Your instructions:
If a line of the data below contains the string "time", copy it into your answer.

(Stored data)
= = =

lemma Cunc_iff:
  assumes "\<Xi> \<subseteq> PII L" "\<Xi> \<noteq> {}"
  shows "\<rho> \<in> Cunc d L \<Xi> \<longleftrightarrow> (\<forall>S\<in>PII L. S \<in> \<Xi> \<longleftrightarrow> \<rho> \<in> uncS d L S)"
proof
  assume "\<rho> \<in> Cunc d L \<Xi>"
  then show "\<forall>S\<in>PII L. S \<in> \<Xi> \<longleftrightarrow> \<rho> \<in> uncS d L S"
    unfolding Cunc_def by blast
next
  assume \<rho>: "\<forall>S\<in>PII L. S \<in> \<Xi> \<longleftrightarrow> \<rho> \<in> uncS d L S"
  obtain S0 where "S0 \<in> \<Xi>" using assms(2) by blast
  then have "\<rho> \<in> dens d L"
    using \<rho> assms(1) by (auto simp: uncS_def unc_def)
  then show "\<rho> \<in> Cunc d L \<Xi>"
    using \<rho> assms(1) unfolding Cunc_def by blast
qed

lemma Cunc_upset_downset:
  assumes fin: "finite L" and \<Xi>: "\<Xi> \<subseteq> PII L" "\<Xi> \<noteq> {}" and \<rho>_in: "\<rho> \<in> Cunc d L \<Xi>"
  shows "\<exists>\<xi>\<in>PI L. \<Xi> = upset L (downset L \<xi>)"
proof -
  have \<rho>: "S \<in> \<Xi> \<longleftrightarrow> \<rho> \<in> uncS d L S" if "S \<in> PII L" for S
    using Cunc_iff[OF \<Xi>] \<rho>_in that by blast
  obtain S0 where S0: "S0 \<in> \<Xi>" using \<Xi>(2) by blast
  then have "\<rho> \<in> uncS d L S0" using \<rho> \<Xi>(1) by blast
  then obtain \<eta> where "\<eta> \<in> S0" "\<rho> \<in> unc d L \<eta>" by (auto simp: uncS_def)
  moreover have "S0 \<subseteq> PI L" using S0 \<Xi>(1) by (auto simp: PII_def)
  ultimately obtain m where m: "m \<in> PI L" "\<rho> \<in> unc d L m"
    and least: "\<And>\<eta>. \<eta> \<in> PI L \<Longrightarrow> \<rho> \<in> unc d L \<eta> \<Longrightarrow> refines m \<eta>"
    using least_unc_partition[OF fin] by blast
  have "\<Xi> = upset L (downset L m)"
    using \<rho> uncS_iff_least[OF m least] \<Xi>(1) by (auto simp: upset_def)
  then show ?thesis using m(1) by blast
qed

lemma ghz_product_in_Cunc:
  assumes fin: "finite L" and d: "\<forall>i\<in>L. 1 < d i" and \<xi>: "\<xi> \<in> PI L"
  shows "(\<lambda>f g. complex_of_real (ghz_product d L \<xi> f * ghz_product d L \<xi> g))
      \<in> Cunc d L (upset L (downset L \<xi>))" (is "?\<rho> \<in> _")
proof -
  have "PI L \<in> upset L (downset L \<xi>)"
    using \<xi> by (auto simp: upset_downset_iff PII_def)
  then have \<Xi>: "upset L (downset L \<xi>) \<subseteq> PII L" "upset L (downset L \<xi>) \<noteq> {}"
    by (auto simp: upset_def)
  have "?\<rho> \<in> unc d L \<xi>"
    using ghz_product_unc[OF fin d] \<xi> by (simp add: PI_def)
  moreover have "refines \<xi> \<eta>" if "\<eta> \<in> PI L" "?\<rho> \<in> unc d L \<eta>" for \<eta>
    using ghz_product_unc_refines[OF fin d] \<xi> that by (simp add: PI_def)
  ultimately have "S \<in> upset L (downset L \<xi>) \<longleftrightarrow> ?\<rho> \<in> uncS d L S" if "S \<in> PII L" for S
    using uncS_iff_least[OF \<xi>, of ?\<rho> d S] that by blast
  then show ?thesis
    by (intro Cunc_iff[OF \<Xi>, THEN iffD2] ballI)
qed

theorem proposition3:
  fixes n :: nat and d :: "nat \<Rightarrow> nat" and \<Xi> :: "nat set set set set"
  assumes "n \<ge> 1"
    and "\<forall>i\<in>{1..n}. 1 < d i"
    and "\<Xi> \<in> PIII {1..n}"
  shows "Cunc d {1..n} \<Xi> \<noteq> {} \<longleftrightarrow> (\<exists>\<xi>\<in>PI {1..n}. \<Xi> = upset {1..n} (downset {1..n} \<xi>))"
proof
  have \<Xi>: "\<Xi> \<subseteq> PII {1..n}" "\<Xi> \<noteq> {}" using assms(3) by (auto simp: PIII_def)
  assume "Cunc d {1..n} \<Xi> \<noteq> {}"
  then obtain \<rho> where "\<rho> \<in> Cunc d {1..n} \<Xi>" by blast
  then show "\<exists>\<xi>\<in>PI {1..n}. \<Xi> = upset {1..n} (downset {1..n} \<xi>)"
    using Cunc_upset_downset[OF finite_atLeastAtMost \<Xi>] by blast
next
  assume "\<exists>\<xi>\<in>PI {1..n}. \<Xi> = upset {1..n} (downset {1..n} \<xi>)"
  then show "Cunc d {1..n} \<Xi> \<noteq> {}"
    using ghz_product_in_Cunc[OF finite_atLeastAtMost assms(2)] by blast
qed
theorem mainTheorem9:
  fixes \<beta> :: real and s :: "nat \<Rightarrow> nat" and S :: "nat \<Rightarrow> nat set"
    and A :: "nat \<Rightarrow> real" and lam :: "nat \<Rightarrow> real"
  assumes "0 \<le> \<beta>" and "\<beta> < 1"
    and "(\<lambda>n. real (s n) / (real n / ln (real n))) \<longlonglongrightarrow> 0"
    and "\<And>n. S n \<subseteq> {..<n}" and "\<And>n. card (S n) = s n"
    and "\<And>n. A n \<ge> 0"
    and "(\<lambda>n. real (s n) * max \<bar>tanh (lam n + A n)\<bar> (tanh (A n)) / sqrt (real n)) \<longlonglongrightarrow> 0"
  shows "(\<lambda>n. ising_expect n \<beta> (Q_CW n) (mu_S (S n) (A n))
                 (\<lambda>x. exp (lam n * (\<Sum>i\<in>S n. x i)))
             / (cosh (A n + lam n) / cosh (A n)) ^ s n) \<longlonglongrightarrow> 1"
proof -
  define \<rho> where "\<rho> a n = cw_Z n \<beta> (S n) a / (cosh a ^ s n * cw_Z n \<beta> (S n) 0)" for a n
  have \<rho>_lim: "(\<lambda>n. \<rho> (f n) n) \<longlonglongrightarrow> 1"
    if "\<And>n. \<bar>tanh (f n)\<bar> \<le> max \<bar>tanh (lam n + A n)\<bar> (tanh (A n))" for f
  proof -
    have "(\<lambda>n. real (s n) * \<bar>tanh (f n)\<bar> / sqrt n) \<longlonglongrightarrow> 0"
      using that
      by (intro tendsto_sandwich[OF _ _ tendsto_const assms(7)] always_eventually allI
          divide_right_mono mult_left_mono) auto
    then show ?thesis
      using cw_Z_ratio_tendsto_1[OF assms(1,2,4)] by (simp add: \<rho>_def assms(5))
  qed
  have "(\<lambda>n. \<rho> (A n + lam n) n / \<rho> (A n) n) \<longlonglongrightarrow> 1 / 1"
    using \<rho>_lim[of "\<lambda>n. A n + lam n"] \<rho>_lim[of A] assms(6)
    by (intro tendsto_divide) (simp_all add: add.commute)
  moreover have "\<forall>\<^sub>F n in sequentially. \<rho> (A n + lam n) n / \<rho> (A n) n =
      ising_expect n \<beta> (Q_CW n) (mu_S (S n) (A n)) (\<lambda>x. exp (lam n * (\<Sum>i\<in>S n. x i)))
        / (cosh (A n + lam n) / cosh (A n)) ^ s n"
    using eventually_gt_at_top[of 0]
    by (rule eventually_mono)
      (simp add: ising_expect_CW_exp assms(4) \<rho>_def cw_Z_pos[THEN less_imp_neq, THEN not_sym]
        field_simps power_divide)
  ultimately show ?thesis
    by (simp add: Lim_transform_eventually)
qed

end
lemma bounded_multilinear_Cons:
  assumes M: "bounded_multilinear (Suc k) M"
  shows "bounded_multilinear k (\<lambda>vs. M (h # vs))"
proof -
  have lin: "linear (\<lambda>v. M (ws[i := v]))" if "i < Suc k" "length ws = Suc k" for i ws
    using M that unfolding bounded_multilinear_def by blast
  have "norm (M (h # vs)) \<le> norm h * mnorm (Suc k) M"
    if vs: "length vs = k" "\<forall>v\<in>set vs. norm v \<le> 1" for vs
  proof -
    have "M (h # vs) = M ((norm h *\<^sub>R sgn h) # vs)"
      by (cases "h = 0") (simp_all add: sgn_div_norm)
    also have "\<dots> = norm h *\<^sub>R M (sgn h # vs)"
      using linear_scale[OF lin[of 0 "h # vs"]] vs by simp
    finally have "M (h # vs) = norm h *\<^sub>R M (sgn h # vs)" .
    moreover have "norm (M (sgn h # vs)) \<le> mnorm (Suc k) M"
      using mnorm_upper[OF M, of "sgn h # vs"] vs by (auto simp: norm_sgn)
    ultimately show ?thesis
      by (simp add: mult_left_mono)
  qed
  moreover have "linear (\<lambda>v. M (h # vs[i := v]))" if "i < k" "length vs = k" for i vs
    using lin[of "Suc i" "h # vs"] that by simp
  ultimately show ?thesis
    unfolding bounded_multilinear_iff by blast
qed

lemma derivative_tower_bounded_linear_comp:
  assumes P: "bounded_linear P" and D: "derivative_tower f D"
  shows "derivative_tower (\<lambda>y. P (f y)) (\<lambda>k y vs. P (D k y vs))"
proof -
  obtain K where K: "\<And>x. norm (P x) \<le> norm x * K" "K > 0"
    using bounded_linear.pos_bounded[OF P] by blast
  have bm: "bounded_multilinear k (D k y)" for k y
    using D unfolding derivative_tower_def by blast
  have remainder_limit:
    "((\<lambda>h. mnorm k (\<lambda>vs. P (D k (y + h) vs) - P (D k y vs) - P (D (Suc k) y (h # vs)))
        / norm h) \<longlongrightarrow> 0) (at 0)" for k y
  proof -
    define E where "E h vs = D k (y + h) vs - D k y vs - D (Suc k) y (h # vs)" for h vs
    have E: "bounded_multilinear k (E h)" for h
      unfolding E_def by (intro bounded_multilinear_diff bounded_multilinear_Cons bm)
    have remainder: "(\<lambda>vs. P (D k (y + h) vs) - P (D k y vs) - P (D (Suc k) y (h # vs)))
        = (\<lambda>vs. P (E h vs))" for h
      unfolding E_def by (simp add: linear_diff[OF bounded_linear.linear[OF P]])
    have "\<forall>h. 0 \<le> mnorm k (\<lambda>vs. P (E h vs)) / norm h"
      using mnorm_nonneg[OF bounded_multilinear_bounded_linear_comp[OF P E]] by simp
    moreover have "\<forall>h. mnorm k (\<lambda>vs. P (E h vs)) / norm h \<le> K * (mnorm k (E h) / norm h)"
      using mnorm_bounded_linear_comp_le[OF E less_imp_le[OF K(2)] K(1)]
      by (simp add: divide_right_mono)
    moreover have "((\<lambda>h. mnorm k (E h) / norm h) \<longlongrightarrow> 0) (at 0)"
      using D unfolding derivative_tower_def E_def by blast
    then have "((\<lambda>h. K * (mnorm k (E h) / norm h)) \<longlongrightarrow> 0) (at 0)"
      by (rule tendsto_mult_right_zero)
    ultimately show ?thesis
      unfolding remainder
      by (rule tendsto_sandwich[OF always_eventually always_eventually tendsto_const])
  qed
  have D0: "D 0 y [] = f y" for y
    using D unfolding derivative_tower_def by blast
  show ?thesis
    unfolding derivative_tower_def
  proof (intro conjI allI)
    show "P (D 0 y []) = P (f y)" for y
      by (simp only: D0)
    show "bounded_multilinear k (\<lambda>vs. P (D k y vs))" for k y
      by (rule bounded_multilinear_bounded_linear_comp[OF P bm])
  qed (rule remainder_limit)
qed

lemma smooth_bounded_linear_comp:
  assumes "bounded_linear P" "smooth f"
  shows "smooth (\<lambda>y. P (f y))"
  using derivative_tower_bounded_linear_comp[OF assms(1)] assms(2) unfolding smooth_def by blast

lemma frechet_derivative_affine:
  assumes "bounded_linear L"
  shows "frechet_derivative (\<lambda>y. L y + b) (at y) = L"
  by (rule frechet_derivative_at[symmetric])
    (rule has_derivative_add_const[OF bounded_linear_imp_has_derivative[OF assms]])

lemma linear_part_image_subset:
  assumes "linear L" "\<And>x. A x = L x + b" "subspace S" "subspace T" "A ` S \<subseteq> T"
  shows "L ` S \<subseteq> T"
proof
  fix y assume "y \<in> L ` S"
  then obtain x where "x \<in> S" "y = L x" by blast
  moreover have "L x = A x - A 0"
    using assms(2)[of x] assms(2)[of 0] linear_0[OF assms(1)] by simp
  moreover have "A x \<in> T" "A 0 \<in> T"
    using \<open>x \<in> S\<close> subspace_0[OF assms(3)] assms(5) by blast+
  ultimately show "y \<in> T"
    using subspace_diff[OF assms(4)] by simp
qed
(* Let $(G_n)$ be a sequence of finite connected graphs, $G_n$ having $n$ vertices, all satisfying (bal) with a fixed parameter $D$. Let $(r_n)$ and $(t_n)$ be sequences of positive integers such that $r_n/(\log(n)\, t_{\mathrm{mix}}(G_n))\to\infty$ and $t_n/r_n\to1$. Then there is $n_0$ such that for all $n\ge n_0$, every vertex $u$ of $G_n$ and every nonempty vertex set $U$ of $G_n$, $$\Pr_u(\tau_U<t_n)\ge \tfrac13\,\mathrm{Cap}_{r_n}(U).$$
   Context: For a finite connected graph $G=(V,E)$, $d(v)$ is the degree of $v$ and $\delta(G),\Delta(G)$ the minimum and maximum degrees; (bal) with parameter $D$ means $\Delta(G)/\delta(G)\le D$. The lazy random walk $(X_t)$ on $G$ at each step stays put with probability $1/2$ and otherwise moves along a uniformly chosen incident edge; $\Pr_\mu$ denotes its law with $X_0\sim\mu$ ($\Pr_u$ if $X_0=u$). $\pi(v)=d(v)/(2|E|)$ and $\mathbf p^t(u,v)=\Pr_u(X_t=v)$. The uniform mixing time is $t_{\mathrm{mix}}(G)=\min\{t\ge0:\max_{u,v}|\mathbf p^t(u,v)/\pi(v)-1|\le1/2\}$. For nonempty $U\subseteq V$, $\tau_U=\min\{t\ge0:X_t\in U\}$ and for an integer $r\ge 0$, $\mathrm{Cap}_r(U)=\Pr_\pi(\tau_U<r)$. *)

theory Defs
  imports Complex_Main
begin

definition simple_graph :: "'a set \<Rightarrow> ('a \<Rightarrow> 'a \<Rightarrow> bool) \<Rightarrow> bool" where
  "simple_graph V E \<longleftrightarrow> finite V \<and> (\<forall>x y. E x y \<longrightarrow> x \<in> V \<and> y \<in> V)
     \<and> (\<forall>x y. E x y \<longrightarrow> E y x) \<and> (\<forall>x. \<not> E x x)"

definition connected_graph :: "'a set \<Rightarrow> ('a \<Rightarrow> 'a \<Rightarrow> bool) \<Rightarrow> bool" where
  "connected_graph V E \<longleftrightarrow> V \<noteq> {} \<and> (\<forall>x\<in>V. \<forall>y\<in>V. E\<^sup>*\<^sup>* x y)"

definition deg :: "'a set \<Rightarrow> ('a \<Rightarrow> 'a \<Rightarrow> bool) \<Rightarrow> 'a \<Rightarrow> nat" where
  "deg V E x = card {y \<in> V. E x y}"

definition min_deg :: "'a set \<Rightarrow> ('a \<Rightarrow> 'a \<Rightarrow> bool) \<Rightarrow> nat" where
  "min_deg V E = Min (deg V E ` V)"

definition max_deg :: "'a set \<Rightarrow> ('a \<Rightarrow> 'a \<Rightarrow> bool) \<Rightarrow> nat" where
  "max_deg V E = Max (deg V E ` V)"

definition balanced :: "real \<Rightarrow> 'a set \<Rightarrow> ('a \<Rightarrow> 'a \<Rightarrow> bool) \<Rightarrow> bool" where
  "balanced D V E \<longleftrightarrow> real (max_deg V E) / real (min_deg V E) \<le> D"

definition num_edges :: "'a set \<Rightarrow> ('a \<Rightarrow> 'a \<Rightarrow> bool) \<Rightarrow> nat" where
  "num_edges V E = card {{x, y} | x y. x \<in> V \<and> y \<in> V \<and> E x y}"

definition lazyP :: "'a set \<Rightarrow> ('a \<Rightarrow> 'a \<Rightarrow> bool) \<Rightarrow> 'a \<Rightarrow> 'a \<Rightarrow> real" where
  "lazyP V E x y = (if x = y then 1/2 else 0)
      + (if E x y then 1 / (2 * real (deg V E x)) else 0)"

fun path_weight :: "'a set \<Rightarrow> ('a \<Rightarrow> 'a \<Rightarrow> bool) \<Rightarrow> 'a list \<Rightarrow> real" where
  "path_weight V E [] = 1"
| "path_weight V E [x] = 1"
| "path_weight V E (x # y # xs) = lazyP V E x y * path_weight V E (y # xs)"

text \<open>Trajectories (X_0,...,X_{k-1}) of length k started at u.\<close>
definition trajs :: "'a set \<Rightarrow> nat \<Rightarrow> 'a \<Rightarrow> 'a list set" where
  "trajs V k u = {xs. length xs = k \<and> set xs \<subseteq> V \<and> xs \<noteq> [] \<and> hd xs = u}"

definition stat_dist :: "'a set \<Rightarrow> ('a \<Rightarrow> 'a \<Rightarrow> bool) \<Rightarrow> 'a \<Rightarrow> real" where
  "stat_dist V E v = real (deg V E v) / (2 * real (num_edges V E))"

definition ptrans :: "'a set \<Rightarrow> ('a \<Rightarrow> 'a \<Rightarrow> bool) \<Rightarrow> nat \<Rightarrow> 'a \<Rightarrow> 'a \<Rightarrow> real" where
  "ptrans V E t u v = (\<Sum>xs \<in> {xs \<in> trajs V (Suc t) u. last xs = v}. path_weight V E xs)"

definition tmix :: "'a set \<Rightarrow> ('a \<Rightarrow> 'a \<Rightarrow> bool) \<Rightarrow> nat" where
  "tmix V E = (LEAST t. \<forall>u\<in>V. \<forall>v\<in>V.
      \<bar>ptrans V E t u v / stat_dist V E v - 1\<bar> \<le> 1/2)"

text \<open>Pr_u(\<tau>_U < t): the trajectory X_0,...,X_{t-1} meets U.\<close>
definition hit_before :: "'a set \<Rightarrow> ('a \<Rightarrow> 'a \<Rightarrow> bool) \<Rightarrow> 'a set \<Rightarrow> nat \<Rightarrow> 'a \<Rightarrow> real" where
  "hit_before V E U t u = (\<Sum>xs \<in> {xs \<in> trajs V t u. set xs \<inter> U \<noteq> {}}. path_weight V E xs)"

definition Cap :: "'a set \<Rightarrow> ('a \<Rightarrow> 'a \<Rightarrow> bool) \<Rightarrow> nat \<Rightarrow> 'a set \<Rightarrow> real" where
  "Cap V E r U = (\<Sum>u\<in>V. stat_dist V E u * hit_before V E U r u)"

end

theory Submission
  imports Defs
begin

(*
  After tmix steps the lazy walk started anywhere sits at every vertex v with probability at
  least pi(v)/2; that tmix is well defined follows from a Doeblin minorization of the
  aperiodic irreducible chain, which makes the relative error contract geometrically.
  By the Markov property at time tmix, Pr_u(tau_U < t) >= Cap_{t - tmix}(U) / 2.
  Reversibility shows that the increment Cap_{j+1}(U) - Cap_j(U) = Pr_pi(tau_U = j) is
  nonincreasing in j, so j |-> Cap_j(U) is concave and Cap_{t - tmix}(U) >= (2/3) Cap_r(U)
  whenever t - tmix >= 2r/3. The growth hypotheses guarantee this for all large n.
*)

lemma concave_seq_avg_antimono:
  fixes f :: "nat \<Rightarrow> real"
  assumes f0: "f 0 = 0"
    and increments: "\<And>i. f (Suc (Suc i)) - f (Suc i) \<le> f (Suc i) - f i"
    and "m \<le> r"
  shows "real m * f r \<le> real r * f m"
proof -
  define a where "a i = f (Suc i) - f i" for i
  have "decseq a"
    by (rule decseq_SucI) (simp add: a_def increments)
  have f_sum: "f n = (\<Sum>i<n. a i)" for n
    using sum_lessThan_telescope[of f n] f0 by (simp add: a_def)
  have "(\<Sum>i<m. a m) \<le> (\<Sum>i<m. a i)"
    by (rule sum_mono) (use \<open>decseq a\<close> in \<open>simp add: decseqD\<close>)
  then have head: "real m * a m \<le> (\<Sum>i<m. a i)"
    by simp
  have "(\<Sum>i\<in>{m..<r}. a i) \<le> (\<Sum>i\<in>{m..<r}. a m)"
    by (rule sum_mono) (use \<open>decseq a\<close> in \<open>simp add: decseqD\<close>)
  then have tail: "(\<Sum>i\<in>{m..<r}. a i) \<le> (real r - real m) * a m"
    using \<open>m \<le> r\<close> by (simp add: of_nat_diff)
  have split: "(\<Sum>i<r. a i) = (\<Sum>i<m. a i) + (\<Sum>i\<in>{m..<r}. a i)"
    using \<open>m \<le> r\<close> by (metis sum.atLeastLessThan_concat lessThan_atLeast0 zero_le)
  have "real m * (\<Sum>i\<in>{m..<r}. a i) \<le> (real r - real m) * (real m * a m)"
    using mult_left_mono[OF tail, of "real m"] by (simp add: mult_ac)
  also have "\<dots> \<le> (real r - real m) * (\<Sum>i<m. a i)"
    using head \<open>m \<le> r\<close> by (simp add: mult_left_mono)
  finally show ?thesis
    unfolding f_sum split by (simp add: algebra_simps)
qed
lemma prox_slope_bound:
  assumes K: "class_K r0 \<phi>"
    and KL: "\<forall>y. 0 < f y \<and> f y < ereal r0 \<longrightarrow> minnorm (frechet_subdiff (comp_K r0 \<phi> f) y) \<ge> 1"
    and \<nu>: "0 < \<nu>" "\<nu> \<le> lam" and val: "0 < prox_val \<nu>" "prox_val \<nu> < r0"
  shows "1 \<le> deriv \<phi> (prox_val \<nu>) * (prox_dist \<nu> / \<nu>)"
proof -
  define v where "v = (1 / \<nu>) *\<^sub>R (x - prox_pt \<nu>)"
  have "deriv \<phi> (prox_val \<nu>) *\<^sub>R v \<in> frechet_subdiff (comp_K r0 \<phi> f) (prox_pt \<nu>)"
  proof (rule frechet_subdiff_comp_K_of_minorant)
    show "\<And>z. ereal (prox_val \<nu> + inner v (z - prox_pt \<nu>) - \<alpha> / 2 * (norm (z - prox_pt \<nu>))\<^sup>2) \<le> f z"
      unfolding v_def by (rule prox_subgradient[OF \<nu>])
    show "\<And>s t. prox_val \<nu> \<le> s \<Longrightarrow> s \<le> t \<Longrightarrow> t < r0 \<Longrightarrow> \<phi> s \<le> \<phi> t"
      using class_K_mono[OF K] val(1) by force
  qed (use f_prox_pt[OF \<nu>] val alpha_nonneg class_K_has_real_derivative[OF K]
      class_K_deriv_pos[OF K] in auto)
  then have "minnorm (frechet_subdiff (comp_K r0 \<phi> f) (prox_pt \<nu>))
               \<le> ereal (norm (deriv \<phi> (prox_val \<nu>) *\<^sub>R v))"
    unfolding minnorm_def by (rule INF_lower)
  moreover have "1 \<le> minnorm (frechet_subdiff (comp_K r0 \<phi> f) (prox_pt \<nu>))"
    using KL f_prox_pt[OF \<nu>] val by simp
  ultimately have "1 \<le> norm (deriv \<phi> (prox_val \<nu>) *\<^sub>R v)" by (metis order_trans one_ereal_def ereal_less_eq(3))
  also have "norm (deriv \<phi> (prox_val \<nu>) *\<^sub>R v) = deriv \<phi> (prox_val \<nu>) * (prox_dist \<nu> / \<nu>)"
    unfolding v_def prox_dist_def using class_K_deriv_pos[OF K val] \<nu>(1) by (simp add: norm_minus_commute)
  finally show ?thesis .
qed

= = =

Completed task:
   Context: For a finite connected graph $G=(V,E)$, $d(v)$ is the degree of $v$ and $\delta(G),\Delta(G)$ the minimum and maximum degrees; (bal) with parameter $D$ means $\Delta(G)/\delta(G)\le D$. The lazy random walk $(X_t)$ on $G$ at each step stays put with probability $1/2$ and otherwise moves along a uniformly chosen incident edge; $\Pr_\mu$ denotes its law with $X_0\sim\mu$ ($\Pr_u$ if $X_0=u$). $\pi(v)=d(v)/(2|E|)$ and $\mathbf p^t(u,v)=\Pr_u(X_t=v)$. The uniform mixing time is $t_{\mathrm{mix}}(G)=\min\{t\ge0:\max_{u,v}|\mathbf p^t(u,v)/\pi(v)-1|\le1/2\}$. For nonempty $U\subseteq V$, $\tau_U=\min\{t\ge0:X_t\in U\}$ and for an integer $r\ge 0$, $\mathrm{Cap}_r(U)=\Pr_\pi(\tau_U<r)$. *)
  By the Markov property at time tmix, Pr_u(tau_U < t) >= Cap_{t - tmix}(U) / 2.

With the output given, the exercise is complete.